--- START ---

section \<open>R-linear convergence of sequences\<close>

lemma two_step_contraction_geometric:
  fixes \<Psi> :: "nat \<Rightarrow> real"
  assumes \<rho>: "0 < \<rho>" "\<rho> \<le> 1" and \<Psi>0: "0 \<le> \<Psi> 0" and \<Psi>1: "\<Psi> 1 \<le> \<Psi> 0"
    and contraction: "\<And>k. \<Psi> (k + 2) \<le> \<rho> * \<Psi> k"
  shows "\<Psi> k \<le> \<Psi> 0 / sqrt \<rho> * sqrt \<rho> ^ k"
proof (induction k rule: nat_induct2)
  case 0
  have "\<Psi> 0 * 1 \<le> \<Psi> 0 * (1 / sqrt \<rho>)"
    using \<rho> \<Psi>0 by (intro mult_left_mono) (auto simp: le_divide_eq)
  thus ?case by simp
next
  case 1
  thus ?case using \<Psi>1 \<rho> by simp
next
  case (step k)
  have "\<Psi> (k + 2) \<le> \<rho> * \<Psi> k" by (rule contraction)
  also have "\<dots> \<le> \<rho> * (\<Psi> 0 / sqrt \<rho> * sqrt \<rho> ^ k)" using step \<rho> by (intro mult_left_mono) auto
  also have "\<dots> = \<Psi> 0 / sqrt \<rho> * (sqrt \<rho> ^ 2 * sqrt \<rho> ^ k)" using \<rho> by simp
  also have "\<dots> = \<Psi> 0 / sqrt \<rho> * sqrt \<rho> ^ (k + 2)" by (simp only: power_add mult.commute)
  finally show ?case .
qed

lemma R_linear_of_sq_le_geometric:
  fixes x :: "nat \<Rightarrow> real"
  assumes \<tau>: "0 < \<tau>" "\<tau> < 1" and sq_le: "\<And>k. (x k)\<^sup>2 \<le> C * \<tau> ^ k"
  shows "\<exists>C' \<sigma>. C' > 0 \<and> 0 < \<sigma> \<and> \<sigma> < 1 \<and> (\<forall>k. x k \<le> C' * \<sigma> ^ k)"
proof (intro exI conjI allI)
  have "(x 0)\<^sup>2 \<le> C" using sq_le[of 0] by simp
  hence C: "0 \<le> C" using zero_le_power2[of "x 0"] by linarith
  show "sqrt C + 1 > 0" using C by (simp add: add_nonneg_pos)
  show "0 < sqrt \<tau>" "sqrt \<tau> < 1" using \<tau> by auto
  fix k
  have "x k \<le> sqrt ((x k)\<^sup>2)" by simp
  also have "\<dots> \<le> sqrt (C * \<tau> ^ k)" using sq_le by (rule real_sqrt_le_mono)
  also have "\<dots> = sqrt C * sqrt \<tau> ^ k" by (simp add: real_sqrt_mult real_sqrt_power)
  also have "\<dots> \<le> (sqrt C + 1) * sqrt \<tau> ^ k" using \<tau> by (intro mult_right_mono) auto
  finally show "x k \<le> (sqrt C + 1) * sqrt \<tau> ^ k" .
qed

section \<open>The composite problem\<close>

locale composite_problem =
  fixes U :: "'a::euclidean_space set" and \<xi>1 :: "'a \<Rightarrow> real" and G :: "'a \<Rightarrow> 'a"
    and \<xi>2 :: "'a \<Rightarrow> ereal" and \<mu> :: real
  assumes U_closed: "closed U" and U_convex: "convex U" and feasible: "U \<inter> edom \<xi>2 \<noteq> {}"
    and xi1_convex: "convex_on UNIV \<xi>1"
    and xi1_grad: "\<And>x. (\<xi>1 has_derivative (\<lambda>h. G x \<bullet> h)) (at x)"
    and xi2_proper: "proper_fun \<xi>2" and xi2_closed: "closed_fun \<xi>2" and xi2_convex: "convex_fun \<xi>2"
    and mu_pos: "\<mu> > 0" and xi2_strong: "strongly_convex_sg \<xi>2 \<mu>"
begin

--- END ---
--- START ---

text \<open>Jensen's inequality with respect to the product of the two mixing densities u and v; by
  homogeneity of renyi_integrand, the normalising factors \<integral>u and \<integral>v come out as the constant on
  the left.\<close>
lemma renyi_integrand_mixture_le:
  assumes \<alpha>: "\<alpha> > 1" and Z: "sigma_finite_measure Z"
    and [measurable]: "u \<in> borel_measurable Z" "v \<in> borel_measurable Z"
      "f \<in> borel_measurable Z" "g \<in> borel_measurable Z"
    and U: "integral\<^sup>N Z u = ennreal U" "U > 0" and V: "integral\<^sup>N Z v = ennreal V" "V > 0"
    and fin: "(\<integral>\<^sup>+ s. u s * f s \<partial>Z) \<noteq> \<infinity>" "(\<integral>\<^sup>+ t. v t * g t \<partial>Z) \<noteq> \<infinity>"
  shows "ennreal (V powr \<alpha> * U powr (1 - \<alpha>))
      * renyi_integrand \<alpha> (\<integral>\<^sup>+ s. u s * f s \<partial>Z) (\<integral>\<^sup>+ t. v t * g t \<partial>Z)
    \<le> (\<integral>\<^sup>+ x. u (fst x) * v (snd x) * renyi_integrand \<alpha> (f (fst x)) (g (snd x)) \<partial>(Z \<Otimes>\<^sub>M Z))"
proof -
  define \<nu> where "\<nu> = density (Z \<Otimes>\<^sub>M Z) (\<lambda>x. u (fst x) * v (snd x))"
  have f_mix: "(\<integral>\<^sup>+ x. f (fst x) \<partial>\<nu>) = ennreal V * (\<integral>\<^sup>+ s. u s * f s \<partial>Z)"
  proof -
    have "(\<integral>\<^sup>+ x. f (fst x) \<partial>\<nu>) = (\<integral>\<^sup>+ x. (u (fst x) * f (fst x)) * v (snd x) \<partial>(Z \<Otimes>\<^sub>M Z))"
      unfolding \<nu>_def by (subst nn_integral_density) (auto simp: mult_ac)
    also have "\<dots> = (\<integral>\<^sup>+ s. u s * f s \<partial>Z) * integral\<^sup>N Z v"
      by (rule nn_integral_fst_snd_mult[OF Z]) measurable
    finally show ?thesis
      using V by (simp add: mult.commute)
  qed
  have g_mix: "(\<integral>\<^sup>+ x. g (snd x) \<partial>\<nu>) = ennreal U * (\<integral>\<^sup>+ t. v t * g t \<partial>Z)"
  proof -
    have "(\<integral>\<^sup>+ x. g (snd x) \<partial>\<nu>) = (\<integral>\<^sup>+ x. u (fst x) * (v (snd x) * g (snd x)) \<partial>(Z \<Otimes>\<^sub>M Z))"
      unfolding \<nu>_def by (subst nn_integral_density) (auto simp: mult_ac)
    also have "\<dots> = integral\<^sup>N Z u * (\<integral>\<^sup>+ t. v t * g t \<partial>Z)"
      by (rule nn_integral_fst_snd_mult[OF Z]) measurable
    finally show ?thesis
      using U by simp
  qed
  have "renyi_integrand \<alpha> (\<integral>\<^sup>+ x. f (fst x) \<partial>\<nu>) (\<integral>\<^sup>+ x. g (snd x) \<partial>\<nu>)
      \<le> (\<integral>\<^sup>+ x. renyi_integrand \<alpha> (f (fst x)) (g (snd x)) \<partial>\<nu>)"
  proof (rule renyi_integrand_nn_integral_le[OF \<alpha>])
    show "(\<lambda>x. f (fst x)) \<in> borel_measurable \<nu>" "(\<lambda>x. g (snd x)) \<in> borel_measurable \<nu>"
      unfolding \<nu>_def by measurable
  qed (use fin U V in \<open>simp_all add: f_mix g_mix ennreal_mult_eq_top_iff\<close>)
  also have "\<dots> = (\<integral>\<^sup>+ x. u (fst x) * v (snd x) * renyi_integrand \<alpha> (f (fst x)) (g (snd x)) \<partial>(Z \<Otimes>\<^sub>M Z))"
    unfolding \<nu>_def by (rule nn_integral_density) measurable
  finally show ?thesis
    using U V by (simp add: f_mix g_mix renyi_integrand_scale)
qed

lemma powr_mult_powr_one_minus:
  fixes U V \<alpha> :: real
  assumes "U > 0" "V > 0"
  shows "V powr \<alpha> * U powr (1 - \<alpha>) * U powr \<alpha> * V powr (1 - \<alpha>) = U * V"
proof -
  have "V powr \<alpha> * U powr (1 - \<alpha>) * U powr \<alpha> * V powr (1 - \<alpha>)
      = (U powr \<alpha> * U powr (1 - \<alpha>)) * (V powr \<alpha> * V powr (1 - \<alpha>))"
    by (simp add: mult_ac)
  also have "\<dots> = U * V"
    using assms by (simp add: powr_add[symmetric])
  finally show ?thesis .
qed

--- END ---

→ ACTIVITY
The expected output is exactly the lines of the listing above between the line holding "x) \<partial>\<nu>) (\<integral>\<^sup>+" and the line holding "(\<integral>\<^sup>+ x. renyi_integrand", inclusive.

→ THE ANSWER
  have "renyi_integrand \<alpha> (\<integral>\<^sup>+ x. f (fst x) \<partial>\<nu>) (\<integral>\<^sup>+ x. g (snd x) \<partial>\<nu>)
      \<le> (\<integral>\<^sup>+ x. renyi_integrand \<alpha> (f (fst x)) (g (snd x)) \<partial>\<nu>)"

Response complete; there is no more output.